Stored data:
(* In the setting of a mixture path $p_t(x^i|x_1^i)=(1-\kappa_t(x_1^i))p(x^i)+\kappa_t(x_1^i)\delta_{x_1^i}(x^i)$ on $\mathcal{T}$ with $\kappa_0\equiv0$, $\kappa_t(\cdot)\to1$ as $t\to1$, $\kappa_t$ nondecreasing and $\kappa_t(y)<1$ for $t<1$, conditional velocity $u_t(x^i,z^i|x_1^i)=\lambda_t(x_1^i)(\delta_{x_1^i}(x^i)-\delta_{z^i}(x^i))$ with $\lambda_t(y)=\frac{\dot\kappa_t(y)}{1-\kappa_t(y)}$, and model velocity $u^i_t(x^i,z)=\lambda_t(x^i)p^{\theta,i}_{1|t}(x^i|z)-\delta_{z^i}(x^i)\sum_{y}\lambda_t(y)p^{\theta,i}_{1|t}(y|z)$ for a strictly positive model posterior $p^{\theta,i}_{1|t}(\cdot|z)$ on $\mathcal{T}$, the model $p^\theta_1$ (CTMC from $\prod_ip(x^i)$ with this factorized velocity) satisfies $$\log p^\theta_1(x_1)\ge\int_0^1\mathbb{E}_{x_t\sim p_t(\cdot|x_1)}\sum_{i=1}^D\Big[\lambda_t(x_t^i)p^{\theta,i}_{1|t}(x_t^i|x_t)-\sum_{y^i}\lambda_t(y^i)p^{\theta,i}_{1|t}(y^i|x_t)+(1-\delta_{x_1^i}(x_t^i))\lambda_t(x_1^i)\big(1+\log p^{\theta,i}_{1|t}(x_1^i|x_t)\big)\Big]dt.$$
   Context: $\mathcal{S}=\mathcal{T}^D$, $p_t(x|x_1)=\prod_ip_t(x^i|x_1^i)$, $\delta_y(x)=1$ if $x=y$ and $0$ otherwise. The factorized velocity on $\mathcal{S}$ is $u_t(x,z)=\sum_iu^i_t(x^i,z)\prod_{j\ne i}\delta_{z^j}(x^j)$. *)

theory Defs
  imports "HOL-Analysis.Analysis"
begin
lemma pgl_class_alt_def: "pgl_class A = {B. \<exists>c. c \<noteq> 0 \<and> B = smult_mat c A}"
  by (simp add: pgl_class_def smult_mat_def)

lemma pgl_class_smult_mat [simp]: "c \<noteq> 0 \<Longrightarrow> pgl_class (smult_mat c A) = pgl_class A"
  unfolding pgl_class_alt_def
  by (auto intro: exI[of _ "_ * c"] exI[of _ "_ / c"])

lemma in_pgl_class_self: "A \<in> pgl_class A"
  unfolding pgl_class_alt_def by (auto intro: exI[of _ 1])

lemma pgl_class_eqD: "pgl_class A = pgl_class B \<Longrightarrow> \<exists>c. c \<noteq> 0 \<and> A = smult_mat c B"
  using in_pgl_class_self[of A] unfolding pgl_class_alt_def by auto

lemma pgl_class_in_PGL2: "det A \<noteq> 0 \<Longrightarrow> pgl_class A \<in> PGL2"
  unfolding PGL2_def GL2_def by auto

lemma pgl_mult_pgl_class: "pgl_mult (pgl_class A) (pgl_class B) = pgl_class (A ** B)"
proof (intro set_eqI iffI)
  fix Z assume "Z \<in> pgl_mult (pgl_class A) (pgl_class B)"
  then obtain c d where "c \<noteq> 0" "d \<noteq> 0" "Z = smult_mat c A ** smult_mat d B"
    unfolding pgl_mult_def pgl_class_alt_def by blast
  then have "Z = smult_mat (c * d) (A ** B)" and "c * d \<noteq> 0"
    by (simp_all add: mult.commute)
  then show "Z \<in> pgl_class (A ** B)"
    unfolding pgl_class_alt_def by blast
next
  fix Z assume "Z \<in> pgl_class (A ** B)"
  then obtain c where c: "c \<noteq> 0" "Z = smult_mat c (A ** B)"
    unfolding pgl_class_alt_def by blast
  then have "Z = smult_mat c A ** B" and "smult_mat c A \<in> pgl_class A"
    unfolding pgl_class_alt_def by auto
  then show "Z \<in> pgl_mult (pgl_class A) (pgl_class B)"
    unfolding pgl_mult_def using in_pgl_class_self by blast
qed
text \<open>The greedy partition of the leaders, with its radius 2r_(j+1)/2^(\<eta>+1) = r_(j+1)/2^\<eta>.\<close>
lemma greedy_block:
  assumes "(P, v) \<in> set Ps"
  shows "v \<in> P \<and> P \<subseteq> snd ` S j \<and> (\<forall>u\<in>P. d u v < radius (Suc j) / 2 ^ \<eta>)"
proof -
  have "0 < 2 * radius (Suc j)" using radius_pos[of "Suc j"] by linarith
  from greedy_part_block[OF greedy metric leaders_in_V this assms]
  show ?thesis by simp
qed

lemma greedy_block_separated:
  assumes "(P, v) \<in> set Ps" "(P', v') \<in> set Ps" "(P, v) \<noteq> (P', v')"
  shows "P \<inter> P' = {} \<and> radius (Suc j) / 2 ^ \<eta> \<le> d v v'"
proof -
  have "0 < 2 * radius (Suc j)" using radius_pos[of "Suc j"] by linarith
  from greedy_part_separated[OF greedy metric leaders_in_V this assms]
  show ?thesis by simp
qed

lemma next_cluster:
  assumes "(B, l) \<in> S (Suc j)"
  shows "l \<in> B \<and> B \<subseteq> V \<and> (\<forall>x\<in>B. d x l \<le> radius (Suc j) / 2)"
proof -
  obtain P where P: "(P, l) \<in> set Ps" "B = merge j P" using assms next_level by auto
  obtain A where A: "(A, l) \<in> S j" using greedy_block[OF P(1)] by force
  have "l \<in> B" using A cluster[OF ok A] greedy_block[OF P(1)] unfolding P(2) merge_def by blast
  moreover have "B \<subseteq> V" unfolding P(2) merge_def using cluster[OF ok] by blast
  moreover have "d x l \<le> radius (Suc j) / 2" if "x \<in> B" for x
  proof -
    obtain A' l' where A': "(A', l') \<in> S j" "l' \<in> P" "x \<in> A'"
      using \<open>x \<in> B\<close> unfolding P(2) merge_def by blast
    have "x \<in> V" "l' \<in> V" "l \<in> V" using cluster[OF ok A'(1)] \<open>l \<in> B\<close> \<open>B \<subseteq> V\<close> A'(3) by blast+
    then have "d x l \<le> d x l' + d l' l" using metric_triangle[OF metric] by blast
    also have "\<dots> \<le> radius j / 2 + radius (Suc j) / 2 ^ \<eta>"
      using cluster[OF ok A'(1)] A'(3) greedy_block[OF P(1)] A'(2) by (intro add_mono) auto
    also have "\<dots> \<le> radius (Suc j) / 2" by (rule radius_step)
    finally show ?thesis .
  qed
  ultimately show ?thesis by blast
qed

text \<open>Merged clusters are disjoint because the greedy parts and the old clusters are.\<close>
lemma next_overlap:
  assumes "(B, l) \<in> S (Suc j)" "(B', l') \<in> S (Suc j)" "B \<inter> B' \<noteq> {}"
  shows "B = B' \<and> l = l'"
proof -
  obtain P where P: "(P, l) \<in> set Ps" "B = merge j P" using assms(1) next_level by auto
  obtain P' where P': "(P', l') \<in> set Ps" "B' = merge j P'" using assms(2) next_level by auto
  show ?thesis
  proof (cases "(P, l) = (P', l')")
    case False
    then have disjoint: "P \<inter> P' = {}" using greedy_block_separated[OF P(1) P'(1)] by blast
    obtain x where "x \<in> B" "x \<in> B'" using assms(3) by blast
    then obtain A1 l1 A2 l2 where
      "(A1, l1) \<in> S j" "l1 \<in> P" "x \<in> A1" "(A2, l2) \<in> S j" "l2 \<in> P'" "x \<in> A2"
      unfolding P(2) P'(2) merge_def by blast
    then have "l1 = l2" using cluster_overlap[OF ok] by blast
    then show ?thesis using disjoint \<open>l1 \<in> P\<close> \<open>l2 \<in> P'\<close> by blast
  qed (use P P' in simp)
qed

text \<open>Every cluster of level j is contained in a merged cluster, namely the one of the greedy
  part containing its leader.\<close>
lemma coarsens_step:
  assumes "(A, l) \<in> S j"
  shows "\<exists>(B, v) \<in> S (Suc j). A \<subseteq> B"
proof -
  have "l \<in> \<Union>(fst ` set Ps)" using greedy_part_union[OF greedy] assms by force
  then obtain P v where "(P, v) \<in> set Ps" "l \<in> P" by auto
  then show ?thesis using assms next_level unfolding merge_def by fastforce
qed

lemma next_cover: "\<Union>(fst ` S (Suc j)) = V"
proof
  show "\<Union>(fst ` S (Suc j)) \<subseteq> V" using next_cluster by force
  show "V \<subseteq> \<Union>(fst ` S (Suc j))"
  proof
    fix x assume "x \<in> V"
    then obtain A l where "(A, l) \<in> S j" "x \<in> A" using clusters_cover[OF ok] by force
    then show "x \<in> \<Union>(fst ` S (Suc j))" using coarsens_step by force
  qed
qed

lemma next_separated:
  "(B, l) \<in> S (Suc j) \<Longrightarrow> (B', l') \<in> S (Suc j) \<Longrightarrow> l \<noteq> l' \<Longrightarrow> radius (Suc j) / 2 ^ \<eta> \<le> d l l'"
  using greedy_block_separated next_level by fastforce

lemma level_ok_next: "level_ok (Suc j)"
  unfolding level_ok_def using next_cluster next_overlap next_cover next_separated by blast

end

lemma level_ok: "j \<le> m \<Longrightarrow> level_ok j"
proof (induction j)
  case (Suc j)
  then obtain Ps where "greedy_part d \<eta> (2 * radius (Suc j)) (snd ` S j) Ps"
    "S (Suc j) = (\<lambda>(P, v). (merge j P, v)) ` set Ps"
    using level_Suc by (metis Suc_le_eq)
  then show ?case using level_ok_next Suc by simp
qed (rule level_ok_0)

lemma partition_level:
  assumes "j \<le> m" shows "partition_on V (fst ` S j)"
proof (rule partition_onI)
  have ok: "level_ok j" using level_ok assms .
  show "\<Union>(fst ` S j) = V" using clusters_cover[OF ok] .
  show "disjnt A B" if "A \<in> fst ` S j" "B \<in> fst ` S j" "A \<noteq> B" for A B
    using that cluster_overlap[OF ok] unfolding disjnt_def by force
  show "{} \<notin> fst ` S j" using cluster[OF ok] by force
qed

sublocale chain: coarsening_chain V "\<lambda>j. fst ` S j" m
proof
  show "finite V" by (rule finite_V)
  show "partition_on V (fst ` S j)" if "j \<le> m" for j using partition_level that .
  show "\<exists>Y\<in>fst ` S (Suc j). A \<subseteq> Y" if j: "j < m" and A: "A \<in> fst ` S j" for j A
  proof -
    obtain l where l: "(A, l) \<in> S j" using A by force
    obtain Ps where "greedy_part d \<eta> (2 * radius (Suc j)) (snd ` S j) Ps"
      "S (Suc j) = (\<lambda>(P, v). (merge j P, v)) ` set Ps"
      using level_Suc[OF j] by blast
    from coarsens_step[OF level_ok this l] j show ?thesis by force
  qed
qed

lemma level_finite: "j \<le> m \<Longrightarrow> finite (S j)"
  using cluster[OF level_ok] finite_V
  by (intro finite_subset[of "S j" "Pow V \<times> V"]) auto
(* the matrix as a Jordan_Normal_Form matrix, rows/cols ordered by an (arbitrary) fixed
   bijection {0..<n^d} \<rightarrow> [n]^d; the rank does not depend on the chosen ordering *)
definition tuple_enum :: "nat \<Rightarrow> nat \<Rightarrow> nat \<Rightarrow> (nat \<Rightarrow> nat)" where
  "tuple_enum n d = (SOME g. bij_betw g {0..<n^d} (tuples n d))"

definition to_mat :: "nat \<Rightarrow> nat \<Rightarrow> ((nat \<Rightarrow> nat) \<Rightarrow> (nat \<Rightarrow> nat) \<Rightarrow> 'a) \<Rightarrow> 'a mat" where
  "to_mat n d M = mat (n^d) (n^d) (\<lambda>(r, c). M (tuple_enum n d r) (tuple_enum n d c))"

definition tmat_rank :: "nat \<Rightarrow> nat \<Rightarrow> ((nat \<Rightarrow> nat) \<Rightarrow> (nat \<Rightarrow> nat) \<Rightarrow> 'a::field) \<Rightarrow> nat" where
  "tmat_rank n d M = vec_space.rank (n^d) (to_mat n d M)"

definition PT_basic :: "nat \<Rightarrow> nat \<Rightarrow> ((nat \<Rightarrow> nat) \<Rightarrow> (nat \<Rightarrow> nat) \<Rightarrow> 'a::field) \<Rightarrow> bool" where
  "PT_basic n d M \<longleftrightarrow> (\<exists>\<kappa> \<subseteq> {0..<d}. tmat_rank n d (partial_transpose \<kappa> M) = 1)"

definition PT_rank :: "nat \<Rightarrow> nat \<Rightarrow> ((nat \<Rightarrow> nat) \<Rightarrow> (nat \<Rightarrow> nat) \<Rightarrow> 'a::field) \<Rightarrow> nat" where
  "PT_rank n d M = (LEAST r. \<exists>Ms :: nat \<Rightarrow> ((nat \<Rightarrow> nat) \<Rightarrow> (nat \<Rightarrow> nat) \<Rightarrow> 'a).
      (\<forall>l<r. PT_basic n d (Ms l)) \<and>
      (\<forall>i\<in>tuples n d. \<forall>j\<in>tuples n d. M i j = (\<Sum>l<r. Ms l i j)))"

(* pairing <p,i> = p*n + i (0-based version of (p-1)n+i) *)
definition shifted_tensor :: "nat \<Rightarrow> nat \<Rightarrow> ((nat \<Rightarrow> nat) \<Rightarrow> (nat \<Rightarrow> nat) \<Rightarrow> 'a::field)
    \<Rightarrow> (nat \<Rightarrow> nat) \<Rightarrow> 'a" where
  "shifted_tensor n d M a =
     (let i = (\<lambda>k\<in>{0..<d}. a k mod n);
          j = (\<lambda>k\<in>{0..<d}. a (Suc k) div n)
      in if a 0 div n = 0 \<and> a d mod n = 0 then M i j else 0)"

(* tensors A : [N]^D \<rightarrow> F, as functions on extensional index functions *)
definition tdom :: "nat \<Rightarrow> nat set \<Rightarrow> (nat \<Rightarrow> nat) set" where
  "tdom N D = PiE D (\<lambda>_. {0..<N})"

inductive smf :: "nat \<Rightarrow> nat set \<Rightarrow> ((nat \<Rightarrow> nat) \<Rightarrow> 'a::field) \<Rightarrow> nat \<Rightarrow> bool" for N where
  base: "card D = 1 \<Longrightarrow> smf N D A (if (\<forall>a\<in>tdom N D. A a = 0) then 0 else 1)"
| step: "finite D \<Longrightarrow> card D \<ge> 2 \<Longrightarrow>
    (\<forall>l<(m::nat). E l \<noteq> {} \<and> F l \<noteq> {} \<and> E l \<inter> F l = {} \<and> E l \<union> F l = D
           \<and> smf N (E l) (B l) (b l) \<and> smf N (F l) (C l) (c l)) \<Longrightarrow>
    (\<forall>a\<in>tdom N D. A a = (\<Sum>l<m. B l (restrict a (E l)) * C l (restrict a (F l)))) \<Longrightarrow>
    smf N D A (\<Sum>l<m. b l + c l)"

◆ **Instructions to follow**
Find every line in the records that contains the word "assms"; copy those lines.

◆ **Solved exercise**
  from greedy_part_block[OF greedy metric leaders_in_V this assms]
  from greedy_part_separated[OF greedy metric leaders_in_V this assms]
  obtain P where P: "(P, l) \<in> set Ps" "B = merge j P" using assms next_level by auto
  obtain P where P: "(P, l) \<in> set Ps" "B = merge j P" using assms(1) next_level by auto
  obtain P' where P': "(P', l') \<in> set Ps" "B' = merge j P'" using assms(2) next_level by auto
    obtain x where "x \<in> B" "x \<in> B'" using assms(3) by blast
  have "l \<in> \<Union>(fst ` set Ps)" using greedy_part_union[OF greedy] assms by force
  then show ?thesis using assms next_level unfolding merge_def by fastforce
  have ok: "level_ok j" using level_ok assms .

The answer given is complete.